Set the schedule and destination for backup

You set the schedule and destination for backups in your overrides.yaml file.

  1. Add the following parameters to your overrides.yaml file:

    Parameters

    cassandra:
      backup:
        enabled: true
        keyFile: "PATH_TO_PRIVATE_KEY_FILE"
        server: "BACKUP_SERVER_IP"
        storageDirectory: "/home/apigee/BACKUP_DIRECTORY"
        cloudProvider: "HYBRID" # required verbatim "HYBRID" (all caps)
        schedule: "SCHEDULE"

    Example

    cassandra:
      backup:
        enabled: true
        keyFile: "private.key" # path relative to apigee-datastore path
        server: "34.56.78.90"
        storageDirectory: "/home/apigee/cassbackup"
        cloudProvider: "HYBRID"
        schedule: "0 2 * * *"

    Where:

    Property Description
    backup:enabled Backup is disabled by default. You must set this property to true.
    backup:keyFile

    PATH_TO_PRIVATE_KEY_FILE

    The path on your local file system to the SSH private key file (named ssh_key in the step where you created the SSH key pair). This path must be relative to the apigee-datastore chart directory.

    backup:server

    BACKUP_SERVER_IP

    The IP address of your backup server.

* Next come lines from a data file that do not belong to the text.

definition edges :: "'a set \<Rightarrow> ('a \<Rightarrow> 'a \<Rightarrow> bool) \<Rightarrow> 'a set set" where
  "edges V E = {{u, v} | u v. u \<in> V \<and> v \<in> V \<and> E u v}"

definition vertex_transitive :: "('a \<Rightarrow> 'a) set \<Rightarrow> 'a set \<Rightarrow> bool" where
  "vertex_transitive G V \<longleftrightarrow> (\<forall>u\<in>V. \<forall>v\<in>V. \<exists>g\<in>G. g u = v)"

definition edge_transitive :: "('a \<Rightarrow> 'a) set \<Rightarrow> 'a set \<Rightarrow> ('a \<Rightarrow> 'a \<Rightarrow> bool) \<Rightarrow> bool" where
  "edge_transitive G V E \<longleftrightarrow> (\<forall>e\<in>edges V E. \<forall>f\<in>edges V E. \<exists>g\<in>G. g ` e = f)"

definition arc_transitive :: "('a \<Rightarrow> 'a) set \<Rightarrow> 'a set \<Rightarrow> ('a \<Rightarrow> 'a \<Rightarrow> bool) \<Rightarrow> bool" where
  "arc_transitive G V E \<longleftrightarrow>
     (\<forall>(u, v)\<in>arcs V E. \<forall>(x, y)\<in>arcs V E. \<exists>g\<in>G. g u = x \<and> g v = y)"

definition half_arc_transitive ::
  "'a set \<Rightarrow> ('a \<Rightarrow> 'a \<Rightarrow> bool) \<Rightarrow> ('a \<Rightarrow> 'a) set \<Rightarrow> bool" where
  "half_arc_transitive V E G \<longleftrightarrow>
     vertex_transitive G V \<and> edge_transitive G V E \<and> \<not> arc_transitive G V E"

text \<open>The G-orbit of an arc; an orientation is the G-orbit of a chosen arc
(the two G-orbits on arcs are paired, and both give the same alternating cycles).\<close>

definition arc_orbit :: "('a \<Rightarrow> 'a) set \<Rightarrow> 'a \<times> 'a \<Rightarrow> ('a \<times> 'a) set" where
  "arc_orbit G a = {(g (fst a), g (snd a)) | g. g \<in> G}"

definition orientation ::
  "'a set \<Rightarrow> ('a \<Rightarrow> 'a \<Rightarrow> bool) \<Rightarrow> ('a \<Rightarrow> 'a) set \<Rightarrow> ('a \<times> 'a) set" where
  "orientation V E G = arc_orbit G (SOME a. a \<in> arcs V E)"

definition is_cycle_list :: "'a set \<Rightarrow> ('a \<Rightarrow> 'a \<Rightarrow> bool) \<Rightarrow> 'a list \<Rightarrow> bool" where
  "is_cycle_list V E vs \<longleftrightarrow> length vs \<ge> 3 \<and> distinct vs \<and> set vs \<subseteq> V \<and>
     (\<forall>i < length vs. E (vs ! i) (vs ! ((i + 1) mod length vs)))"

definition alternating_list :: "('a \<times> 'a) set \<Rightarrow> 'a list \<Rightarrow> bool" where
  "alternating_list Ori vs \<longleftrightarrow>
     (\<forall>i < length vs.
        let n = length vs; p = vs ! ((i + n - 1) mod n); c = vs ! i; s = vs ! ((i + 1) mod n)
        in ((p, c) \<in> Ori \<and> (s, c) \<in> Ori) \<or> ((c, p) \<in> Ori \<and> (c, s) \<in> Ori))"

definition cycle_edges :: "'a list \<Rightarrow> 'a set set" where
  "cycle_edges vs = {{vs ! i, vs ! ((i + 1) mod length vs)} | i. i < length vs}"

definition alt_cycles ::
  "'a set \<Rightarrow> ('a \<Rightarrow> 'a \<Rightarrow> bool) \<Rightarrow> ('a \<Rightarrow> 'a) set \<Rightarrow> 'a set set set" where
  "alt_cycles V E G = {cycle_edges vs | vs.
      is_cycle_list V E vs \<and> alternating_list (orientation V E G) vs}"

definition cverts :: "'a set set \<Rightarrow> 'a set" where
  "cverts C = \<Union> C"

    backup:storageDirectory

    BACKUP_DIRECTORY

    The name of the backup directory on your backup server. This must be a directory within home/apigee (the backup directory is named cassandra_backup in the step where you created the backup directory).

    backup:cloudProvider

    GCP/HYBRID

    For a Cloud Storage backup, set the property to GCP. For example, cloudProvider: "GCP".

    For a remote server backup, set the property to HYBRID. For example, cloudProvider: "HYBRID".

    backup:schedule

    SCHEDULE

    The time when the backup starts, specified in standard crontab syntax. Times are in the local time zone of the Kubernetes cluster. Default: 0 2 * * *

  2. Apply the backup configuration to the storage scope of your cluster:
    helm upgrade datastore apigee-datastore/ \
      --namespace apigee \
      --atomic \
      -f OVERRIDES_FILE.yaml
    

    Where OVERRIDES_FILE is the path to the overrides file you just edited.

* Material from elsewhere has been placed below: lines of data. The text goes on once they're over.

lemma layer_barrier_bound:
  fixes b c y y1 y2 g :: "real \<Rightarrow> real"
  assumes eps: "0 < eps" and beta: "0 < beta" "beta < beta1"
    and b: "\<forall>x\<in>{0..1}. beta1 \<le> b x" and c: "\<forall>x\<in>{0..1}. 0 \<le> c x"
    and d: "deriv_on y y1 {0..1}" "deriv_on y1 y2 {0..1}"
    and eq: "\<forall>x\<in>{0<..<1}. - eps * y2 x - b x * y1 x + c x * y x = g x"
    and g: "\<forall>x\<in>{0<..<1}. \<bar>g x\<bar> \<le> G1 * eps + G2 * exp (- beta * x / eps)"
    and at1: "\<bar>y 1\<bar> \<le> G3 * eps" and at0: "\<bar>y1 0\<bar> \<le> G4"
    and G: "G1 \<ge> 0" "G2 \<ge> 0" "G3 \<ge> 0"
  shows "\<forall>x\<in>{0..1}.
    \<bar>y x\<bar> \<le> (2 * ((G1 + 1) / beta + G3) + (G2 / (beta * (beta1 - beta)) + (G4 + 1) / beta)) * eps"
proof -
  define A where "A = (G1 + 1) / beta + G3"
  define B where "B = G2 / (beta * (beta1 - beta)) + (G4 + 1) / beta"
  have G4: "G4 \<ge> 0" using at0 by linarith
  have A: "A \<ge> 0" "A * beta \<ge> G1 + 1" "A \<ge> G3"
    using G beta by (auto simp: A_def field_simps)
  have "B * beta * (beta1 - beta) = G2 + (G4 + 1) * (beta1 - beta)"
    "B * beta = G2 / (beta1 - beta) + (G4 + 1)"
    using beta by (auto simp: B_def field_simps)
  then have B: "B \<ge> 0" "B * beta * (beta1 - beta) \<ge> G2" "B * beta \<ge> G4 + 1"
    using G G4 beta by (auto simp: B_def)
  have "\<bar>y x\<bar> \<le> (2 * A + B) * eps" if x: "x \<in> {0..1}" for x
  proof -
    have "exp (- beta * x / eps) \<le> 1" using x beta eps by simp
    then have "B * eps * exp (- beta * x / eps) \<le> B * eps" using B eps by (simp add: mult_left_le)
    moreover have "A * eps * (2 - x) \<le> A * eps * 2" using x A eps by (intro mult_left_mono) auto
    ultimately show ?thesis
      using layer_barrier_comparison[OF eps beta b c d eq g at1 at0 A(1,2,3) B(1,2,3)] x
      by (fastforce simp: algebra_simps)
  qed
  then show ?thesis unfolding A_def B_def by blast
qed

section \<open>Derivative bounds for the smooth remainder\<close>

locale layer_data =
  fixes b b1 b2 c c1 c2 f U0 U1 U2 U3 U4 :: "real \<Rightarrow> real"
    and beta beta1 Bm Cm Fm Um :: real
  assumes beta: "0 < beta" "beta < beta1"
    and b_ge: "\<And>x. x \<in> {0..1} \<Longrightarrow> beta1 \<le> b x"
    and c_nonneg: "\<And>x. x \<in> {0..1} \<Longrightarrow> 0 \<le> c x"
    and deriv_b: "deriv_on b b1 {0..1}" "deriv_on b1 b2 {0..1}"
    and deriv_c: "deriv_on c c1 {0..1}" "deriv_on c1 c2 {0..1}"
    and f_cont: "continuous_on {0..1} f"
    and b_bound: "\<And>x. x \<in> {0..1} \<Longrightarrow> \<bar>b x\<bar> \<le> Bm \<and> \<bar>b1 x\<bar> \<le> Bm \<and> \<bar>b2 x\<bar> \<le> Bm"
    and c_bound: "\<And>x. x \<in> {0..1} \<Longrightarrow> \<bar>c x\<bar> \<le> Cm \<and> \<bar>c1 x\<bar> \<le> Cm \<and> \<bar>c2 x\<bar> \<le> Cm"
    and f_bound: "\<And>x. x \<in> {0..1} \<Longrightarrow> \<bar>f x\<bar> \<le> Fm"
    and deriv_U: "deriv_on U0 U1 {0..1}" "deriv_on U1 U2 {0..1}"
      "deriv_on U2 U3 {0..1}" "deriv_on U3 U4 {0..1}"
    and U_bound: "\<And>x. x \<in> {0..1} \<Longrightarrow>
      \<bar>U0 x\<bar> \<le> Um \<and> \<bar>U1 x\<bar> \<le> Um \<and> \<bar>U2 x\<bar> \<le> Um \<and> \<bar>U3 x\<bar> \<le> Um \<and> \<bar>U4 x\<bar> \<le> Um"
    and reduced_eq: "\<And>x. x \<in> {0..1} \<Longrightarrow> - b x * U1 x + c x * U0 x = f x"
    and U0_at_1: "U0 1 = 0"
begin

lemma bounds_nonneg: "0 \<le> Bm" "0 \<le> Cm" "0 \<le> Fm" "0 \<le> Um"
  using b_bound[of 0] c_bound[of 0] f_bound[of 0] U_bound[of 0]
  by (auto intro: order_trans[OF abs_ge_zero])

lemma b_ge_all: "\<forall>x\<in>{0..1}. beta1 \<le> b x"
  using b_ge by blast

lemma b_at_0: "beta1 \<le> b 0" "0 < b 0" "b 0 \<le> Bm"
  using b_ge[of 0] b_bound[of 0] beta by auto

definition u_max :: real where "u_max = 2 * ((Fm + 1) / beta)"

definition K_max :: real where "K_max = (2 * Bm * u_max + Cm * u_max + Fm) / beta1"

definition q0_max :: real where "q0_max = Bm * Bm / (beta1 - beta) + Cm"

definition q1_max :: real where "q1_max = Bm * Bm + Cm + Bm * q0_max"

definition q2_max :: real where
  "q2_max = (Bm * Bm + Cm) + 2 * Bm * (Bm * Bm + Cm) + Bm * Bm * q0_max"

lemma max_consts_nonneg: "0 \<le> u_max" "0 \<le> K_max" "0 \<le> q0_max" "0 \<le> q1_max" "0 \<le> q2_max"
  using bounds_nonneg beta
  by (auto simp: u_max_def K_max_def q0_max_def q1_max_def q2_max_def)

text \<open>The constants of the successive estimates: \<open>P_k eps + R_k E x / eps ^ (k - 1)\<close>
  bounds the right-hand side of the \<open>k\<close>-th differentiated first-order equation, and
  \<open>S_k / eps ^ (k - 1)\<close> bounds the initial value of the \<open>k\<close>-th derivative of the remainder.\<close>

definition Y0 :: real where
  "Y0 = 2 * ((Um + 1) / beta + K_max / beta)
      + (K_max * q0_max / (beta * (beta1 - beta)) + (Um + 1) / beta)"

definition Y1 :: real where "Y1 = (Cm * Y0 + Um) / beta + Um + K_max * q0_max / (beta1 - beta)"

definition P2 :: real where "P2 = Cm * Y0 + (Cm + Bm) * Y1 + Um"
definition R2 :: real where "R2 = (Cm + Bm) * Y1 + K_max * q1_max"
definition S2 :: real where "S2 = Cm * Y0 + Um + K_max * q0_max + Bm * Um"
definition Y2 :: real where "Y2 = P2 / beta + S2 + R2 / (beta1 - beta)"

definition P3 :: real where "P3 = Cm * Y0 + (2 * Cm + Bm) * Y1 + (Cm + 2 * Bm) * Y2 + Um"
definition R3 :: real where "R3 = (2 * Cm + Bm) * Y1 + (Cm + 2 * Bm) * Y2 + K_max * q2_max"
definition S3 :: real where "S3 = P2 + R2 + 2 * Bm * Y2"
definition Y3 :: real where "Y3 = P3 / beta + S3 + R3 / (beta1 - beta)"

definition Y4 :: real where "Y4 = P3 + R3 + Bm * Y3"

lemma stage_consts_nonneg:
  "0 \<le> Y0" "0 \<le> Y1" "0 \<le> P2" "0 \<le> R2" "0 \<le> S2" "0 \<le> Y2"
  "0 \<le> P3" "0 \<le> R3" "0 \<le> S3" "0 \<le> Y3" "0 \<le> Y4"
proof -
  note nn = bounds_nonneg max_consts_nonneg
  have d: "0 < beta1 - beta" using beta by simp
  show Y0: "0 \<le> Y0" using nn beta d unfolding Y0_def by simp
  show Y1: "0 \<le> Y1" using nn beta d Y0 unfolding Y1_def by simp
  show P2: "0 \<le> P2" "0 \<le> R2" "0 \<le> S2" using nn Y0 Y1 unfolding P2_def R2_def S2_def by simp_all
  show Y2: "0 \<le> Y2" using P2 beta d unfolding Y2_def by simp
  show P3: "0 \<le> P3" "0 \<le> R3" "0 \<le> S3" using nn Y0 Y1 Y2 P2 unfolding P3_def R3_def S3_def
    by simp_all
  show Y3: "0 \<le> Y3" using P3 beta d unfolding Y3_def by simp
  show "0 \<le> Y4" using P3 Y3 nn unfolding Y4_def by simp
qed

end

locale layer_scale = layer_data +
  fixes eps :: real
  assumes eps: "0 < eps" "eps < 1"
begin

definition E :: "real \<Rightarrow> real" where "E x = exp (- beta * x / eps)"

definition layer :: "real \<Rightarrow> real" where "layer x = exp (- b 0 * x / eps)"

definition m0 :: "real \<Rightarrow> real" where "m0 x = (b x - b 0) * b 0 / eps + c x"
definition m1 :: "real \<Rightarrow> real" where "m1 x = b1 x * b 0 / eps + c1 x"
definition m2 :: "real \<Rightarrow> real" where "m2 x = b2 x * b 0 / eps + c2 x"

text \<open>\<open>q\<close> is the residual of the layer function under the differential operator (see
  \<open>layer_residual\<close>); \<open>q1\<close> and \<open>q2\<close> are its derivatives, and \<open>m1\<close>, \<open>m2\<close> those of \<open>m0\<close>.\<close>

definition q :: "real \<Rightarrow> real" where "q x = layer x * m0 x"
definition q1 :: "real \<Rightarrow> real" where "q1 x = layer x * (m1 x - b 0 / eps * m0 x)"
definition q2 :: "real \<Rightarrow> real" where
  "q2 x = layer x * (m2 x - 2 * (b 0 / eps) * m1 x + (b 0 / eps)\<^sup>2 * m0 x)"

lemma layer_residual:
  "- eps * ((b 0 / eps)\<^sup>2 * layer x) - b x * (- (b 0 / eps) * layer x) + c x * layer x = q x"
  using eps by (simp add: q_def m0_def power2_eq_square field_simps)

lemma deriv_layer_residual: "deriv_on q q1 {0..1}" "deriv_on q1 q2 {0..1}"
  using deriv_b deriv_c eps
    unfolding deriv_on_def q_def q1_def q2_def m0_def m1_def m2_def layer_def
  by (auto intro!: derivative_eq_intros simp: field_simps power2_eq_square)

lemma E_bounds: "x \<in> {0..1} \<Longrightarrow> 0 < E x \<and> E x \<le> 1"
  using beta eps by (simp add: E_def)

lemma E_le_E_div_eps:
  "x \<in> {0..1} \<Longrightarrow> 0 \<le> E x \<and> E x \<le> E x / eps \<and> E x / eps \<le> E x / eps\<^sup>2"
  using E_bounds[of x] eps by (auto simp: divide_simps power2_eq_square mult_left_le)

lemma layer_le_E: "x \<in> {0..1} \<Longrightarrow> layer x \<le> E x"
  unfolding layer_def E_def using eps b_at_0 beta by (intro exp_decay_mono) auto

lemma layer_m0_bound:
  assumes x: "x \<in> {0..1}"
  shows "layer x * \<bar>m0 x\<bar> \<le> q0_max * E x"
proof -
  have L: "0 < layer x" "layer x \<le> E x" using layer_le_E[OF x] by (auto simp: layer_def)
  have "\<bar>b x - b 0\<bar> \<le> Bm * (x - 0)"
    using deriv_on_lipschitz[OF deriv_b(1), of 0 x] x b_bound by auto
  then have "\<bar>(b x - b 0) * b 0\<bar> \<le> Bm * x * Bm" using b_at_0 by (intro abs_mult_le_mult) auto
  then have "\<bar>(b x - b 0) * b 0 / eps\<bar> \<le> Bm * Bm * (x / eps)"
    using eps by (simp add: abs_divide divide_right_mono mult.commute mult.left_commute)
  then have "\<bar>m0 x\<bar> \<le> Bm * Bm * (x / eps) + Cm"
    using c_bound[OF x] abs_triangle_ineq[of "(b x - b 0) * b 0 / eps" "c x"]
    unfolding m0_def by linarith
  then have "layer x * \<bar>m0 x\<bar> \<le> layer x * (Bm * Bm * (x / eps) + Cm)"
    using L by (intro mult_left_mono) auto
  also have "\<dots> = Bm * Bm * (layer x * (x / eps)) + Cm * layer x" by (simp add: algebra_simps)
  also have "\<dots> \<le> Bm * Bm * (E x / (beta1 - beta)) + Cm * E x"
    using exp_decay_absorbs_linear[of eps x beta1 "b 0" beta] eps x b_at_0 beta L bounds_nonneg
    by (intro add_mono mult_left_mono) (auto simp: layer_def E_def)
  finally show ?thesis by (simp add: q0_max_def algebra_simps)
qed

  3. Verify the backup job. For example:
    kubectl get cronjob -n apigee
    NAME                      SCHEDULE     SUSPEND   ACTIVE   LAST SCHEDULE   AGE
    apigee-cassandra-backup   33 * * * *   False     0        <none>          94s

Troubleshooting

  1. Test the connection from a Cassandra pod. You need to make sure that your Cassandra pods can connect to your backup server using SSH:
    1. Log into the shell of your Cassandra pod. For example:
      kubectl exec -it -n apigee APIGEE_CASSANDRA_DEFAULT_0 -- /bin/bash

      Where APIGEE_CASSANDRA_DEFAULT_0 is the name of a Cassandra pod. Change this to the name of the pod you want to connect from.

    2. Connect by SSH to your backup server, using the private SSH key mounted the Cassandra pod and server IP address:
      ssh -i /var/secrets/keys/key apigee@BACKUP_SERVER_IP
  2. If you have problems accessing your remote server from the Cassandra pod, please check your ssh configuration on the remote server again and also make sure that upgrading the datastore was successful.
  3. You can check if Cassandra uses the correct private key by running the following command while you are logged in to your Cassandra pod, and compare the output with the private key you created:
    cat /var/secrets/keys/key